• **TASK GOAL**:
From the entries that follow, reproduce exactly and only the lines from the line with "by pat_completeness auto" to the line with "c) (substt x", endpoints included.

START EXTRACTED DATA

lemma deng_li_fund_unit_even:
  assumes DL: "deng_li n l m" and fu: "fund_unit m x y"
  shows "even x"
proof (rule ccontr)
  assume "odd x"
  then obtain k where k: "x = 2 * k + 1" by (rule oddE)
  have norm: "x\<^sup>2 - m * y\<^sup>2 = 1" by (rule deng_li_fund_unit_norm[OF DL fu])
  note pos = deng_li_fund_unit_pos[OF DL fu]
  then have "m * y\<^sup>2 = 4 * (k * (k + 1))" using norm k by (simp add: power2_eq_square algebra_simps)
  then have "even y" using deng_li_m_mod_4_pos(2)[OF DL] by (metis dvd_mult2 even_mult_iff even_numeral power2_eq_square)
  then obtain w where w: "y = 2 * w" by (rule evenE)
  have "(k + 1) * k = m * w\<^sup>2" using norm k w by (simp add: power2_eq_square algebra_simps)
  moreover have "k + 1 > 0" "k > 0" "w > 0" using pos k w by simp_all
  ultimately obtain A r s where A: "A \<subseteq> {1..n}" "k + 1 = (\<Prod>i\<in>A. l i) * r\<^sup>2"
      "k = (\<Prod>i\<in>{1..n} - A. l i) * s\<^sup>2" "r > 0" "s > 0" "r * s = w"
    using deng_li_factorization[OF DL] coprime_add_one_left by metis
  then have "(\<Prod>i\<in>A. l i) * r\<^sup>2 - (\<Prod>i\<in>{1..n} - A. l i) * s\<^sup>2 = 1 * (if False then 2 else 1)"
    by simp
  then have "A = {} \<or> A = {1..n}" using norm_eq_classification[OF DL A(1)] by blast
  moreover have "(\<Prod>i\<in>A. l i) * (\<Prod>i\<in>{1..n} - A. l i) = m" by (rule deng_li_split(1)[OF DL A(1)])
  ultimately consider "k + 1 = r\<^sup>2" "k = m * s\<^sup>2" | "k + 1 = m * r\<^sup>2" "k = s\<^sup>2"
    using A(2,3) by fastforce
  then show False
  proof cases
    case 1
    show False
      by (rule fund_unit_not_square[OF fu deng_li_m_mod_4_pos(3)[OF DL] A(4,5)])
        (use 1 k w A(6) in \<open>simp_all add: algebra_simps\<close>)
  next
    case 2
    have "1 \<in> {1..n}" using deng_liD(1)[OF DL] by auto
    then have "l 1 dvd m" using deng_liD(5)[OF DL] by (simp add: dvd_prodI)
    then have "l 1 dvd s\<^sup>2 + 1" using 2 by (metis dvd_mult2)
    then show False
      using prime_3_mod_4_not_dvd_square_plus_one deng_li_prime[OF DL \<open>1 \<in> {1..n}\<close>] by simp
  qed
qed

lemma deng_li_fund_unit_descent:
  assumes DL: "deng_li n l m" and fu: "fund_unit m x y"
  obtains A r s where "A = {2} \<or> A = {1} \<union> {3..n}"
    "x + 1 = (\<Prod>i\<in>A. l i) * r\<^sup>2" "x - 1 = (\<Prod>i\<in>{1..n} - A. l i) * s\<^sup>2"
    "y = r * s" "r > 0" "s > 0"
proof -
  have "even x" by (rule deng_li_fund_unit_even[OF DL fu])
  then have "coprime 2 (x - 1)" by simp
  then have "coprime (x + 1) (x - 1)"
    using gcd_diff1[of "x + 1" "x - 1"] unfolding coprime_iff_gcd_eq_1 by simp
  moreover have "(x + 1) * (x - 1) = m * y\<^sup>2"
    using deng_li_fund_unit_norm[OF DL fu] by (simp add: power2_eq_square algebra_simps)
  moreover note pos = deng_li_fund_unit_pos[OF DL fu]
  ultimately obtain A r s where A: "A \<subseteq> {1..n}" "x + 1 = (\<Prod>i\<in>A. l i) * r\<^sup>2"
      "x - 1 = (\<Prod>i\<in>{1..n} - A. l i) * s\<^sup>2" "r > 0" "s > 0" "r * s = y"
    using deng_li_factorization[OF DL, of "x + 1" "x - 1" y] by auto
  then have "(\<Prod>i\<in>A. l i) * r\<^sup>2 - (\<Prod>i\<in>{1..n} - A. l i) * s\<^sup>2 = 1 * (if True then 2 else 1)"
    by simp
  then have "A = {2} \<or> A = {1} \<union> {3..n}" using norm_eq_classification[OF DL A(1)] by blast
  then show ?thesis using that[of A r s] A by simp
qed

END EXTRACTED DATA
START EXTRACTED DATA

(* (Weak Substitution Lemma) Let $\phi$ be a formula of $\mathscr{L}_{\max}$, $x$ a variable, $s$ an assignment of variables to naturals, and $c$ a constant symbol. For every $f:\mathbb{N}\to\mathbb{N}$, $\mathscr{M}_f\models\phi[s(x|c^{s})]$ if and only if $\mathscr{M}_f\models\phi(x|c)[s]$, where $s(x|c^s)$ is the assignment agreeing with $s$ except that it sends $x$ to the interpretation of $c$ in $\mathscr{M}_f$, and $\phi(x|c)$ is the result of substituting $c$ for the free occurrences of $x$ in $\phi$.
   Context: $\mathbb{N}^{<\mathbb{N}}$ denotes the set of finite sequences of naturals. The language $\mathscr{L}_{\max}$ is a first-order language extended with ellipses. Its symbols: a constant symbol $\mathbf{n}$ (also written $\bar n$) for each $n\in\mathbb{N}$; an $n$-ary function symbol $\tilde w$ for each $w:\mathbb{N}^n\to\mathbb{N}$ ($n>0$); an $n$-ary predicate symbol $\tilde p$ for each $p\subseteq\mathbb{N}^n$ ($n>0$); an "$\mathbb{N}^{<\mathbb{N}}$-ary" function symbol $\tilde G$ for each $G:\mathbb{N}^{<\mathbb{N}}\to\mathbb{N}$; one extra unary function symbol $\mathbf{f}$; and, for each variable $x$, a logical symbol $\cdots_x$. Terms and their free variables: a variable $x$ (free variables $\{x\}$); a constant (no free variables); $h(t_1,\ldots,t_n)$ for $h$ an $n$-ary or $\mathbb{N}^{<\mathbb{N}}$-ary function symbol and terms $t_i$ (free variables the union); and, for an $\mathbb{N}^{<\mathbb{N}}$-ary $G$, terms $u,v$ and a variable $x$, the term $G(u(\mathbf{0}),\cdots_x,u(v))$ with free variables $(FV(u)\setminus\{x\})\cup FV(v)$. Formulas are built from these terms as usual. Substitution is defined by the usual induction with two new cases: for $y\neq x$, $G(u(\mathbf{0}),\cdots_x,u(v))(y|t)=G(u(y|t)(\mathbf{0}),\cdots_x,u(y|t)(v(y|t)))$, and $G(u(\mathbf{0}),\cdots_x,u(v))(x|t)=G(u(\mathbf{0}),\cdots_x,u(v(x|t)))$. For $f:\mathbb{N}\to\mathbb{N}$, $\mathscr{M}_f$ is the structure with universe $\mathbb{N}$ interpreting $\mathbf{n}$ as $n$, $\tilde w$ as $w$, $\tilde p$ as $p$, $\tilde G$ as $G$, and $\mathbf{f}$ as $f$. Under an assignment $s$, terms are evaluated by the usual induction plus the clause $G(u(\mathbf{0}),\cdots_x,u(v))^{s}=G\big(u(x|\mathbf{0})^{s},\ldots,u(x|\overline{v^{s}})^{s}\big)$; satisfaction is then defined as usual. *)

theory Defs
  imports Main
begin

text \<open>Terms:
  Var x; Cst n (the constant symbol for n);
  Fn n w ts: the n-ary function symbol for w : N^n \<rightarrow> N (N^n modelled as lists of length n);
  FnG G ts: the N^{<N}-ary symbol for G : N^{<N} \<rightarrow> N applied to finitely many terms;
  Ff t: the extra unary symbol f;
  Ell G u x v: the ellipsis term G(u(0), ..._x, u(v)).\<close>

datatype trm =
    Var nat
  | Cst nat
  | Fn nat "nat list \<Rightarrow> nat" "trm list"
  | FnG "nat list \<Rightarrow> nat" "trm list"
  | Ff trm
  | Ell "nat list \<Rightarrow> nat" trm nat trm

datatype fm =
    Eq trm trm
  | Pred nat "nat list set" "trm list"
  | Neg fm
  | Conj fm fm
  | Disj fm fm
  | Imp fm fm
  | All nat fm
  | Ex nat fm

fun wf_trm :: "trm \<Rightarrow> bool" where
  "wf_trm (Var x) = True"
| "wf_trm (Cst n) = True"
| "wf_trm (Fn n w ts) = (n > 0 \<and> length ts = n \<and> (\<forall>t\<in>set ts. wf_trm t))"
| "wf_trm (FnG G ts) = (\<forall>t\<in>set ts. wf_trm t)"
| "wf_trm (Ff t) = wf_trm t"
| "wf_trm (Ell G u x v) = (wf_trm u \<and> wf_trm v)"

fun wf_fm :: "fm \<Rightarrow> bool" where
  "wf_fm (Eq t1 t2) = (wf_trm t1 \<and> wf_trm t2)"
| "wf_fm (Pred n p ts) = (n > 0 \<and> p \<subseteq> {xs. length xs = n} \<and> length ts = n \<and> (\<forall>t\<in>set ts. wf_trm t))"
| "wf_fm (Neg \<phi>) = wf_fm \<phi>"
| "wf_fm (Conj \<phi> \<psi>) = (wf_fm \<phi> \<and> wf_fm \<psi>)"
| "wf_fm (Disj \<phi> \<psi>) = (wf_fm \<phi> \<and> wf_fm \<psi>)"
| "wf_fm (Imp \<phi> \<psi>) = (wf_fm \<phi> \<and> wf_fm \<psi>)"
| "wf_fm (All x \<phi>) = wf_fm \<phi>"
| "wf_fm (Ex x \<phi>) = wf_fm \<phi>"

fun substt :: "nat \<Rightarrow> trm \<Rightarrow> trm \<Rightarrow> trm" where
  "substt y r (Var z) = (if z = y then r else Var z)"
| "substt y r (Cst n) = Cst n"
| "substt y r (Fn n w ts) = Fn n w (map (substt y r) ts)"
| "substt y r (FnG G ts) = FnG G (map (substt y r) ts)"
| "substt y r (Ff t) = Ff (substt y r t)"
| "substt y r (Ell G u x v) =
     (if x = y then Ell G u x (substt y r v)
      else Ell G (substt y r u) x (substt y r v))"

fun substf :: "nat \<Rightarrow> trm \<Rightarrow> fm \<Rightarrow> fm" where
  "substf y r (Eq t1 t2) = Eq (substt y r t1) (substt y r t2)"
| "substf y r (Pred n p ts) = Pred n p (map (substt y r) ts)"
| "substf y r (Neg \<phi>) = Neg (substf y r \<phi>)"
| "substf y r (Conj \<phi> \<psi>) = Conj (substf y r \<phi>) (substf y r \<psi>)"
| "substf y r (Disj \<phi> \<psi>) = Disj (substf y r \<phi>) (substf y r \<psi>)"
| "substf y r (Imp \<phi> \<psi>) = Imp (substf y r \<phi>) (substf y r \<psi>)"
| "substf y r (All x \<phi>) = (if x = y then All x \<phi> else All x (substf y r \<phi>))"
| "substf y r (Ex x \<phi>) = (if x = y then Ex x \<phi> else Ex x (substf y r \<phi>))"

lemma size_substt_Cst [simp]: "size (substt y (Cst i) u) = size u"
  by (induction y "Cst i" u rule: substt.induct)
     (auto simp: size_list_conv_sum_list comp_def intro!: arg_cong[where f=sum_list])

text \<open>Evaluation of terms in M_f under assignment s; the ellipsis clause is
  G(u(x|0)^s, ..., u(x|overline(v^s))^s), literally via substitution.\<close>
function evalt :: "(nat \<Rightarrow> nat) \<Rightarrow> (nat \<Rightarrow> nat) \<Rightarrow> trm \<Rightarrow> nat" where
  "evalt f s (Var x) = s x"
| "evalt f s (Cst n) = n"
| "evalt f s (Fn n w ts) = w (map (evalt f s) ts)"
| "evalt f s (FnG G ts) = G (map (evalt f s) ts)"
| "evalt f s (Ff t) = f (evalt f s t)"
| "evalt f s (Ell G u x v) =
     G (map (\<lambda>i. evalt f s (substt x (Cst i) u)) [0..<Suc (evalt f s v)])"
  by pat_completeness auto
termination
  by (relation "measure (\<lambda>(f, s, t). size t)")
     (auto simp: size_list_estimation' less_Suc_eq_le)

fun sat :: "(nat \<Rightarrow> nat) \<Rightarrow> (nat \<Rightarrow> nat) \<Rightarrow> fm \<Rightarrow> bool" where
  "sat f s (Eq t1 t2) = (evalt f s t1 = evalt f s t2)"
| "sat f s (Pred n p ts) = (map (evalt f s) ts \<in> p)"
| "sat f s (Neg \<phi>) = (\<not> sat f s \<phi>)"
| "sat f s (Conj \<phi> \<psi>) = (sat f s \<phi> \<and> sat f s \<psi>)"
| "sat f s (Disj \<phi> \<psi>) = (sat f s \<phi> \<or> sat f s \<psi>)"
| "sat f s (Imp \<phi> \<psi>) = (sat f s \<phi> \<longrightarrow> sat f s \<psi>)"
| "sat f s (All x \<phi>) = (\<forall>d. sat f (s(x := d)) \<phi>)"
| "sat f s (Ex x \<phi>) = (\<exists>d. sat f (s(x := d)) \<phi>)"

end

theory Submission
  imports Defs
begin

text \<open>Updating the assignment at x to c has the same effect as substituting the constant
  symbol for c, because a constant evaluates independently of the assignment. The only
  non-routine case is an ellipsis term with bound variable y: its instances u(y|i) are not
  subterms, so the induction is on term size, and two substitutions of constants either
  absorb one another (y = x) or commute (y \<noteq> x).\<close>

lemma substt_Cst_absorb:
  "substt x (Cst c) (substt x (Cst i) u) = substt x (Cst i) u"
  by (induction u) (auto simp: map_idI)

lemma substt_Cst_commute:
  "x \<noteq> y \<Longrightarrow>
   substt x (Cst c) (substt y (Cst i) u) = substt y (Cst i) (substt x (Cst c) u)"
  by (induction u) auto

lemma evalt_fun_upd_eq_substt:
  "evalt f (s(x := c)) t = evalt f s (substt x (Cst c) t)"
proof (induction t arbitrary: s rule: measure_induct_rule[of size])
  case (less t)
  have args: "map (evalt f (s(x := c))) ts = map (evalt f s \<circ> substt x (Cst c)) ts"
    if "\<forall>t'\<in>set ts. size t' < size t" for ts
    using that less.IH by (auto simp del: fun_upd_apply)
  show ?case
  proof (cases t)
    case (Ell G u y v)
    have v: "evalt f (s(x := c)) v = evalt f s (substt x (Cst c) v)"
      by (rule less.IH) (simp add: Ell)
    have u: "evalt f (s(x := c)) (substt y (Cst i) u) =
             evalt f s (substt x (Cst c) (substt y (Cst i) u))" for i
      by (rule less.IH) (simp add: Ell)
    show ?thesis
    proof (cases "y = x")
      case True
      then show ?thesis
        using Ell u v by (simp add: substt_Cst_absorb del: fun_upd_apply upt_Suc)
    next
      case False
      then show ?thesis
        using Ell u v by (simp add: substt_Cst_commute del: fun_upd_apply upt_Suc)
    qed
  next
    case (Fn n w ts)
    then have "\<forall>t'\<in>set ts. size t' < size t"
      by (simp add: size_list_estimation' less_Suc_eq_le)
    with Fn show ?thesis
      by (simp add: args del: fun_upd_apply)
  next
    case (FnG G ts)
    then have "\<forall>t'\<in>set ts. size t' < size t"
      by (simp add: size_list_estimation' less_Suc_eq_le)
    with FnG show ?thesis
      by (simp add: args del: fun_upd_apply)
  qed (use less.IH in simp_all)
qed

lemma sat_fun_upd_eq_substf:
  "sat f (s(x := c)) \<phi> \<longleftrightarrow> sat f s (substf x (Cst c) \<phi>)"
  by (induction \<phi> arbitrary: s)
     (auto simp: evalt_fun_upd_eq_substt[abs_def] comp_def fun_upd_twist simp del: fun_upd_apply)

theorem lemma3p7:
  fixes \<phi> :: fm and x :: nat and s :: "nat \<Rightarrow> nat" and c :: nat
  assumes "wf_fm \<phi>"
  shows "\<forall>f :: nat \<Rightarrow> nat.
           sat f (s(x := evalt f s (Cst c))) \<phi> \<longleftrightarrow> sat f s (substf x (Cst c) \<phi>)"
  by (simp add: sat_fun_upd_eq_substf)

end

END EXTRACTED DATA

• **RESPONSE TO THE EXERCISE**:
  by pat_completeness auto
termination
  by (relation "measure (\<lambda>(f, s, t). size t)")
     (auto simp: size_list_estimation' less_Suc_eq_le)

fun sat :: "(nat \<Rightarrow> nat) \<Rightarrow> (nat \<Rightarrow> nat) \<Rightarrow> fm \<Rightarrow> bool" where
  "sat f s (Eq t1 t2) = (evalt f s t1 = evalt f s t2)"
| "sat f s (Pred n p ts) = (map (evalt f s) ts \<in> p)"
| "sat f s (Neg \<phi>) = (\<not> sat f s \<phi>)"
| "sat f s (Conj \<phi> \<psi>) = (sat f s \<phi> \<and> sat f s \<psi>)"
| "sat f s (Disj \<phi> \<psi>) = (sat f s \<phi> \<or> sat f s \<psi>)"
| "sat f s (Imp \<phi> \<psi>) = (sat f s \<phi> \<longrightarrow> sat f s \<psi>)"
| "sat f s (All x \<phi>) = (\<forall>d. sat f (s(x := d)) \<phi>)"
| "sat f s (Ex x \<phi>) = (\<exists>d. sat f (s(x := d)) \<phi>)"

end

theory Submission
  imports Defs
begin

text \<open>Updating the assignment at x to c has the same effect as substituting the constant
  symbol for c, because a constant evaluates independently of the assignment. The only
  non-routine case is an ellipsis term with bound variable y: its instances u(y|i) are not
  subterms, so the induction is on term size, and two substitutions of constants either
  absorb one another (y = x) or commute (y \<noteq> x).\<close>

lemma substt_Cst_absorb:
  "substt x (Cst c) (substt x (Cst i) u) = substt x (Cst i) u"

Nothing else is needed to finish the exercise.